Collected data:
▬▬▬▬▬▬

(* Let $(\mathcal{I},+,\times,0,1)$ be a commutative idempotent semiring and let $m,n\ge 1$ and $\alpha_1,\dots,\alpha_m,\beta_1,\dots,\beta_n\in\mathcal{I}$. Let $f=\prod_{i=1}^m(x+\alpha_i)=\sum_{k=0}^m a_k x^{m-k}$ and $g=\prod_{j=1}^n(x+\beta_j)=\sum_{k=0}^n b_k x^{n-k}$ in $\mathcal{I}[x]$, so that $a_0=b_0=1$, $a_k=\sum_{1\le i_1<\dots<i_k\le m}\alpha_{i_1}\cdots\alpha_{i_k}$ and $b_k=\sum_{1\le j_1<\dots<j_k\le n}\beta_{j_1}\cdots\beta_{j_k}$. Define the resultant $\mathbf{R}=\prod_{i=1}^m\prod_{j=1}^n(\alpha_i+\beta_j)\in\mathcal{I}$ and the Sylvester expression $\mathbf{S}=\operatorname{per}(M)=\sum_{\sigma\in \mathfrak{S}_{m+n}}\prod_{i=1}^{m+n}M_{i\sigma(i)}\in\mathcal{I}$, where $M$ is the $(m+n)\times(m+n)$ Sylvester matrix: for $1\le j\le n$, row $j$ of $M$ has entry $a_k$ in column $j+k$ ($0\le k\le m$) and $0$ elsewhere; for $1\le i\le m$, row $n+i$ has entry $b_k$ in column $i+k$ ($0\le k\le n$) and $0$ elsewhere. Then $\mathbf{R}=\mathbf{S}$.
   Context: A commutative idempotent semiring is a set $\mathcal{I}$ with binary operations $+,\times$ and elements $0,1$ such that $+$ is commutative, associative, has identity $0$ and is idempotent ($a+a=a$); $\times$ is commutative, associative, has identity $1$, and $a\times 0=0$; and $(a+b)\times c=a\times c+b\times c$ for all $a,b,c$. *)

theory Defs
  imports "HOL-Combinatorics.Permutations"
begin
(* There is an absolute constant $K$ such that the following holds. Let $0\le\xi\le1/2$ and let $\rho\in\mathbb{R}^{n\times n}$ be psd with $\operatorname{tr}(\rho)=1$, $\rho_{ii}>0$ for all $i$, and $\sum_i|\rho_{ii}-1/n|\le\xi^3$. Let $\sigma\in\mathbb{R}^{n\times n}$ have entries $\sigma_{ij}=\frac{\rho_{ij}}{n\sqrt{\rho_{ii}\rho_{jj}}}$. Then $\|\rho-\sigma\|_{\mathrm{tr}}\le K\xi$.
   Context: $\|A\|_{\mathrm{tr}}$ is the trace norm. The paper writes the conclusion as $\|\rho-\sigma\|_{\mathrm{tr}}=\mathcal{O}(\xi)$, with the implied constant independent of $n$ and $\rho$. *)

theory Defs
  imports "Jordan_Normal_Form.Char_Poly"
begin

definition mat_trace :: "real mat \<Rightarrow> real" where
  "mat_trace A = (\<Sum>i<dim_row A. A $$ (i, i))"

definition psd_mat :: "nat \<Rightarrow> real mat \<Rightarrow> bool" where
  "psd_mat n A \<longleftrightarrow> A \<in> carrier_mat n n \<and> transpose_mat A = A \<and>
     (\<forall>x \<in> carrier_vec n. 0 \<le> x \<bullet> (A *\<^sub>v x))"

text \<open>Trace norm = sum of singular values, i.e. of the square roots of the eigenvalues
  (with multiplicity) of A^T A.\<close>
definition trace_norm :: "real mat \<Rightarrow> real" where
  "trace_norm A = sum_mset (image_mset sqrt (proots (char_poly (transpose_mat A * A))))"

end

theory Submission
  imports Defs
begin

text \<open>Write \<open>d\<^sub>k = \<rho>\<^sub>k\<^sub>k\<close>, \<open>c\<^sub>k = 1 / sqrt (n d\<^sub>k)\<close> and \<open>e\<^sub>k = 1 - c\<^sub>k\<close>. Then \<open>\<sigma> = C \<rho> C\<close> for
  \<open>C = diag c\<close>, and since \<open>1 - c\<^sub>k c\<^sub>l = e\<^sub>k + c\<^sub>k e\<^sub>l\<close> we get \<open>\<rho> - \<sigma> = E \<rho> + C \<rho> E\<close> with \<open>E = diag e\<close>.
  The trace norm of the symmetric matrix \<open>\<rho> - \<sigma>\<close> is \<open>\<Sum>\<^sub>i |q\<^sub>i\<^sup>T (\<rho> - \<sigma>) q\<^sub>i|\<close> for an
  orthonormal eigenbasis \<open>q\<^sub>i\<close>. As \<open>\<rho>\<close> is positive semidefinite,
  \<open>|x\<^sup>T \<rho> y| \<le> (t x\<^sup>T \<rho> x + y\<^sup>T \<rho> y / t) / 2\<close>, and summing \<open>(X q\<^sub>i)\<^sup>T \<rho> (X q\<^sub>i)\<close> over the basis
  gives \<open>tr (X \<rho> X)\<close> for diagonal \<open>X\<close>. Hence for every \<open>t > 0\<close>
  \<open>\<parallel>\<rho> - \<sigma>\<parallel>\<^sub>t\<^sub>r \<le> t tr (E \<rho> E) + (tr \<rho> + tr (C \<rho> C)) / (2 t) = t X + 1 / t\<close>,
  where \<open>X = \<Sum>\<^sub>k (sqrt d\<^sub>k - sqrt (1/n))\<^sup>2 \<le> \<Sum>\<^sub>k |d\<^sub>k - 1/n| \<le> \<xi>\<^sup>3\<close>.
  Optimising over \<open>t\<close> gives \<open>\<parallel>\<rho> - \<sigma>\<parallel>\<^sub>t\<^sub>r \<le> 2 sqrt X \<le> 2 \<xi>\<close>.

  The orthonormal eigenbasis comes from the spectral theorem for real symmetric matrices,
  proved by deflation with Householder reflections; the eigenvalues are real by the usual
  Hermitian argument.\<close>

section \<open>Orthogonal diagonalization of real symmetric matrices\<close>

definition orthogonal_matrix :: "nat \<Rightarrow> 'a::field mat \<Rightarrow> bool" where
  "orthogonal_matrix n P \<longleftrightarrow> P \<in> carrier_mat n n \<and> P\<^sup>T * P = 1\<^sub>m n"

lemma orthogonal_matrix_right_inverse:
  assumes "orthogonal_matrix n P"
  shows "P * P\<^sup>T = 1\<^sub>m n"
  using assms mat_mult_left_right_inverse[of "P\<^sup>T" n P]
  by (simp add: orthogonal_matrix_def)

lemma orthogonal_matrix_mult:
  assumes P: "orthogonal_matrix n P" and Q: "orthogonal_matrix n Q"
  shows "orthogonal_matrix n (P * Q)"
proof -
  have P': "P \<in> carrier_mat n n" "P\<^sup>T * P = 1\<^sub>m n" and Q': "Q \<in> carrier_mat n n" "Q\<^sup>T * Q = 1\<^sub>m n"
    using P Q by (auto simp: orthogonal_matrix_def)
  have "(P * Q)\<^sup>T * (P * Q) = Q\<^sup>T * (P\<^sup>T * (P * Q))"
    using P' Q' by (simp add: transpose_mult[of P n n Q n] assoc_mult_mat[of "Q\<^sup>T" n n "P\<^sup>T" n "P * Q" n])
  also have "P\<^sup>T * (P * Q) = (P\<^sup>T * P) * Q"
    using P'(1) Q'(1) by simp
  also have "\<dots> = Q" unfolding P'(2) using Q' by simp
  finally show ?thesis using P' Q' by (simp add: orthogonal_matrix_def)
qed

lemma transpose_conj_symmetric:
  fixes A P :: "'a::comm_ring_1 mat"
  assumes A: "A \<in> carrier_mat n n" "A\<^sup>T = A" and P: "P \<in> carrier_mat n m"
  shows "(P\<^sup>T * A * P)\<^sup>T = P\<^sup>T * A * P"
  using A P by (simp add: transpose_mult[of _ m n _ m] transpose_mult[of _ n n _ m]
      assoc_mult_mat[of _ m n _ n _ m])

lemma index_transpose_conj:
  fixes A P :: "'a::comm_ring_1 mat"
  assumes A: "A \<in> carrier_mat n n" and P: "P \<in> carrier_mat n m" and ij: "i < m" "j < m"
  shows "(P\<^sup>T * A * P) $$ (i, j) = col P i \<bullet> (A *\<^sub>v col P j)"
  using A P ij by (simp add: assoc_mult_mat[of _ m n _ n _ m] mult_mat_vec_def)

▬▬▬▬▬▬

Say the number of lines in the records above that include the string "using", and no more.

• _WRITTEN RESPONSE_: 8